|Matthew Henry's Concise Commentary|
9:24-27 The apostle compares himself to the racers and combatants in the Isthmian games, well known by the Corinthians. But in the Christian race all may run so as to obtain. There is the greatest encouragement, therefore, to persevere with all our strength, in this course. Those who ran in these games were kept to a spare diet. They used themselves to hardships. They practised the exercises. And those who pursue the interests of their souls, must combat hard with fleshly lusts. The body must not be suffered to rule. The apostle presses this advice on the Corinthians. He sets before himself and them the danger of yielding to fleshly desires, pampering the body, and its lusts and appetites. Holy fear of himself was needed to keep an apostle faithful: how much more is it needful for our preservation! Let us learn from hence humility and caution, and to watch against dangers which surround us while in the body.
Verse 26. - Not as uncertainly. My eye is fixed on a definite goal (2 Timothy 1:12). So fight I (Romans 7:23; Ephesians 6:12; 2 Timothy 4:7); literally, so box 1. Not as one that beateth the air; rather, as not beating the air. Not what the Greeks called "a shadow battle." I strike forthright blows, not feints, or blows at random.

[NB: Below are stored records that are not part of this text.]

text \<open>The two leaves combine like resistors in parallel.\<close>

lemma matching_sum_parallel_leaves:
  assumes fin: "finite E" "finite J"
    and leaves: "leaf E l u" "leaf E x u" "l \<noteq> x"
    and J: "l \<in> J" "x \<in> J" "u \<notin> J" and S: "u \<in> S" "l \<notin> S" "x \<notin> S"
    and Z: "l \<notin> Z" "x \<notin> Z" "u \<notin> Z"
    and pos: "a x + a l \<noteq> 0"
  shows "matching_sum E S J a Z
    = (a x + a l) * matching_sum (del_verts E {l}) S (J - {l}) (a(x := a x * a l / (a x + a l))) Z"
proof -
  define a' where "a' = a(x := a x * a l / (a x + a l))"
  define P where "P = matching_sum (del_verts E {l, x, u}) (S - {u}) (J - {l, x}) a Z"
  define Q where "Q = matching_sum (del_verts E {l, x}) S (J - {l, x}) a Z"
  have sets: "J - {l} - {x, u} = J - {l, x}" "J - {l} - {x} = J - {l, x}" "J - {l, u} - {x} = J - {l, x}"
    using J by auto
  have "leaf (del_verts E {l}) x u"
    using leaves(2,3) J unfolding leaf_def del_verts_def by auto
  then have "matching_sum (del_verts E {l}) S (J - {l}) b Z
      = matching_sum (del_verts E {l, x, u}) (S - {u}) (J - {l, x}) b Z
        + b x * matching_sum (del_verts E {l, x}) S (J - {l, x}) b Z" for b
    using matching_sum_free_leaf[of "del_verts E {l}" "J - {l}" x u S Z b] finite_del_verts[OF fin(1), of "{l}"] fin J S Z
      leaves(3) sets by (simp add: insert_commute)
  moreover have "matching_sum (del_verts E {l, x}) S (J - {l, x}) a' Z = Q"
    "matching_sum (del_verts E {l, x, u}) (S - {u}) (J - {l, x}) a' Z = P"
    unfolding P_def Q_def a'_def by (rule matching_sum_cong; simp)+
  ultimately have reduced: "matching_sum (del_verts E {l}) S (J - {l}) a' Z = P + a' x * Q"
    "matching_sum (del_verts E {l}) S (J - {l}) a Z = P + a x * Q"
    unfolding P_def Q_def by simp_all
  have "del_verts E {l, u} = del_verts E {l, x, u}"
    using del_verts_leaf[OF leaves(2), of "{l, u}"] by (simp add: insert_commute)
  moreover have "matching_sum (del_verts E {l, x, u}) (S - {u}) (J - {l, u}) a Z
      = a x * matching_sum (del_verts E {l, x, u}) (S - {u}) (J - {l, u} - {x}) a Z"
    by (rule matching_sum_unmatched)
      (use fin J leaves(3) in \<open>auto simp: matchings_def is_matching_def del_verts_def\<close>)
  ultimately have "matching_sum E S J a Z = a x * P + a l * (P + a x * Q)"
    using matching_sum_free_leaf[OF fin leaves(1) S(2) J(1) Z(1,3), of a] reduced(2) sets(3)
    unfolding P_def by simp
  also have "\<dots> = (a x + a l) * (P + a' x * Q)"
    using pos unfolding a'_def by (simp add: field_simps)
  finally show ?thesis using reduced(1) unfolding a'_def by simp
qed
(* Let $\Omega\subset\mathbb{R}^N$ ($N\in\{2,3\}$) be a bounded connected domain with piecewise smooth boundary and outward normal $\mathbf{n}$, $\nu>0$, $\lambda>0$. Let $(\mathbf{u},p)$ be a sufficiently smooth (up to the boundary) solution on $\overline\Omega\times[0,T]$ of the PPE system $\mathbf{u}_t + (\mathbf{u}\cdot\nabla)\mathbf{u} = \nu\Delta\mathbf{u}-\nabla p + \mathbf{f}$ in $\Omega\times(0,T]$; $\mathbf{n}\times\mathbf{u}=\mathbf{n}\times\mathbf{g}$ and $\nabla\cdot\mathbf{u}=0$ on $\partial\Omega\times[0,T]$; $\Delta p = \nabla\cdot(\mathbf{f}-(\mathbf{u}\cdot\nabla)\mathbf{u})$ in $\Omega$; $\partial p/\partial\mathbf{n} = \mathbf{n}\cdot(\mathbf{f}-\mathbf{g}_t-\nu\nabla\times\nabla\times\mathbf{u}-(\mathbf{u}\cdot\nabla)\mathbf{u})+\lambda\,\mathbf{n}\cdot(\mathbf{u}-\mathbf{g})$ on $\partial\Omega$, with initial data $\mathbf{u}(\cdot,0)=\mathbf{u}_0$ satisfying $\nabla\cdot\mathbf{u}_0=0$ in $\Omega$ and $\mathbf{u}_0=\mathbf{g}(\cdot,0)$ on $\partial\Omega$. Then $(\mathbf{u},p)$ solves the incompressible Navier–Stokes equations $\mathbf{u}_t + (\mathbf{u}\cdot\nabla)\mathbf{u} = \nu\Delta\mathbf{u}-\nabla p + \mathbf{f}$, $\nabla\cdot\mathbf{u}=0$ in $\Omega\times(0,T]$, $\mathbf{u}=\mathbf{g}$ on $\partial\Omega\times[0,T]$, $\mathbf{u}(\cdot,0)=\mathbf{u}_0$. *)

theory Defs
  imports "HOL-Analysis.Analysis"
begin

primrec Ck_on :: "nat \<Rightarrow> 'a::real_normed_vector set \<Rightarrow> ('a \<Rightarrow> 'b::real_normed_vector) \<Rightarrow> bool" where
  "Ck_on 0 S G = continuous_on S G"
| "Ck_on (Suc k) S G =
     ((\<forall>z\<in>S. G differentiable (at z)) \<and>
      (\<forall>v. Ck_on k S (\<lambda>z. frechet_derivative G (at z) v)))"

definition smooth_on :: "'a::real_normed_vector set \<Rightarrow> ('a \<Rightarrow> 'b::real_normed_vector) \<Rightarrow> bool" where
  "smooth_on S G \<longleftrightarrow> (\<forall>k. Ck_on k S G)"

definition pdx :: "'n \<Rightarrow> (real^'n \<Rightarrow> 'b::real_normed_vector) \<Rightarrow> real^'n \<Rightarrow> 'b" where
  "pdx i F x = vector_derivative (\<lambda>h. F (x + h *\<^sub>R axis i 1)) (at 0)"

definition pdt :: "(real^'n \<Rightarrow> real \<Rightarrow> 'b::real_normed_vector) \<Rightarrow> real^'n \<Rightarrow> real \<Rightarrow> 'b" where
  "pdt F x t = vector_derivative (\<lambda>s. F x s) (at t)"

definition sgrad :: "(real^'n \<Rightarrow> real) \<Rightarrow> real^'n \<Rightarrow> real^'n" where
  "sgrad q x = (\<chi> i. pdx i q x)"
(* For integers $2\le k\le n-1$ and $0\le h\le n-k$, $\kappa_s^{(h)}(S_{n,k})$ exists and $\kappa_s^{(h)}(S_{n,k})\le n+h(k-2)-1$.
   Context: For integers $1\le k\le n-1$, let $I_n=\{1,\dots,n\}$ and $P(n,k)$ the set of $k$-permutations $p_1p_2\cdots p_k$ of distinct elements of $I_n$. The $(n,k)$-star graph $S_{n,k}$ has vertex set $P(n,k)$; a vertex $p=p_1p_2\cdots p_k$ is adjacent to (a) each vertex obtained by swapping $p_1$ with $p_i$ for $2\le i\le k$, and (b) each vertex $\alpha p_2\cdots p_k$ with $\alpha\in I_n\setminus\{p_1,\dots,p_k\}$. For a connected graph $G$ and integer $h\ge 0$, a set $S\subseteq V(G)$ is an $h$-cut ($h$-super vertex-cut) if $G-S$ is disconnected and has minimum degree at least $h$; the $h$-super connectivity $\kappa_s^{(h)}(G)$ is the minimum cardinality of an $h$-cut of $G$. Note $\kappa_s^{(0)}(G)=\kappa(G)$. *)

theory Defs
  imports Main
begin

definition connected_graph :: "'a set \<Rightarrow> ('a \<Rightarrow> 'a \<Rightarrow> bool) \<Rightarrow> bool" where
  "connected_graph V E \<longleftrightarrow>
     (\<forall>u\<in>V. \<forall>v\<in>V. (\<lambda>x y. x \<in> V \<and> y \<in> V \<and> E x y)\<^sup>*\<^sup>* u v)"

text \<open>Vertex deletion G - S (induced subgraph on V - S) is represented by the vertex set V - S
  with the same adjacency relation (connectivity is computed inside V - S).\<close>

definition degree_in :: "'a set \<Rightarrow> ('a \<Rightarrow> 'a \<Rightarrow> bool) \<Rightarrow> 'a \<Rightarrow> nat" where
  "degree_in V E v = card {u \<in> V. E v u}"

definition min_degree_ge :: "'a set \<Rightarrow> ('a \<Rightarrow> 'a \<Rightarrow> bool) \<Rightarrow> nat \<Rightarrow> bool" where
  "min_degree_ge V E h \<longleftrightarrow> (\<forall>v\<in>V. h \<le> degree_in V E v)"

Gill's Exposition of the Entire Bible
I therefore so run,.... The apostle animates the Corinthians by his own example, telling them that he ran so as he exhorted them; he ran with cheerfulness and swiftness in the way marked out for him, looking to Jesus; continuing steadfast in the profession of his faith, and discharge of his duty as a Christian, and in preaching the Gospel as a minister; and nothing had he more at heart, than to finish his course with joy:
not as uncertainly; as one that knew not, or was in doubt about the way in which he should run, and so ran in and out, sometimes in the way, sometimes out of it; since it was clearly pointed out to him in the word of God: the allusion is to the white line which was drawn from the place the runners set out at to the goal; so that they did not run uncertainly, nor could they be at a loss to steer their course: nor did the apostle run, for what, as the Syriac version renders it, , "is unknown": he knew what he ran for, for the incorruptible crown of glory, he knew the nature of it; nor was he uncertain as to the event and issue of his running; he knew that this crown was laid up safe and secure, that it would be given him, and he should wear it; he had no doubt at all about it; and with this certain knowledge both of the way and prize, and full assurance of faith and hope, he ran:
so fight I, not as one that beateth the air. The allusion is here to fighting with the fist, when, before the combat was entered on, the person used to swagger about, and beat about with his fists, striking the air with them, having no adversary before him; only showing what he could do if he had one, or when he should encounter: so did not the apostle, he did not fight with his own shadow, or a man of straw, or beat the empty air; but gave home blows to real adversaries, Satan, the world, and the flesh; the latter of which is particularly mentioned in the next verse.
Jamieson-Fausset-Brown Bible Commentary
26. I—Paul returns to his main subject, his own self-denial, and his motive in it.
run, not as uncertainly—not as a runner uncertain of the goal. Ye Corinthians gain no end in your entering idol temples or eating idol meats. But I, for my part, in all my acts, whether in my becoming "all things to all men," or in receiving no sustenance from my converts, have a definite end in view, namely, to "gain the more." I know what 1 aim at, and how to aim at it. He who runs with a clear aim, looks straightforward to the goal, makes it his sole aim, casts away every encumbrance (Heb 12:1, 2), is indifferent to what the by-standers say, and sometimes even a fall only serves to rouse him the more [Bengel].
not as one that beateth the air—instead of beating the adversary. Alluding to the sciamachia or sparring in the school in sham-fight (compare 1Co 14:9), wherein they struck out into the air as if at an imaginary adversary. The real adversary is Satan acting on us through the flesh.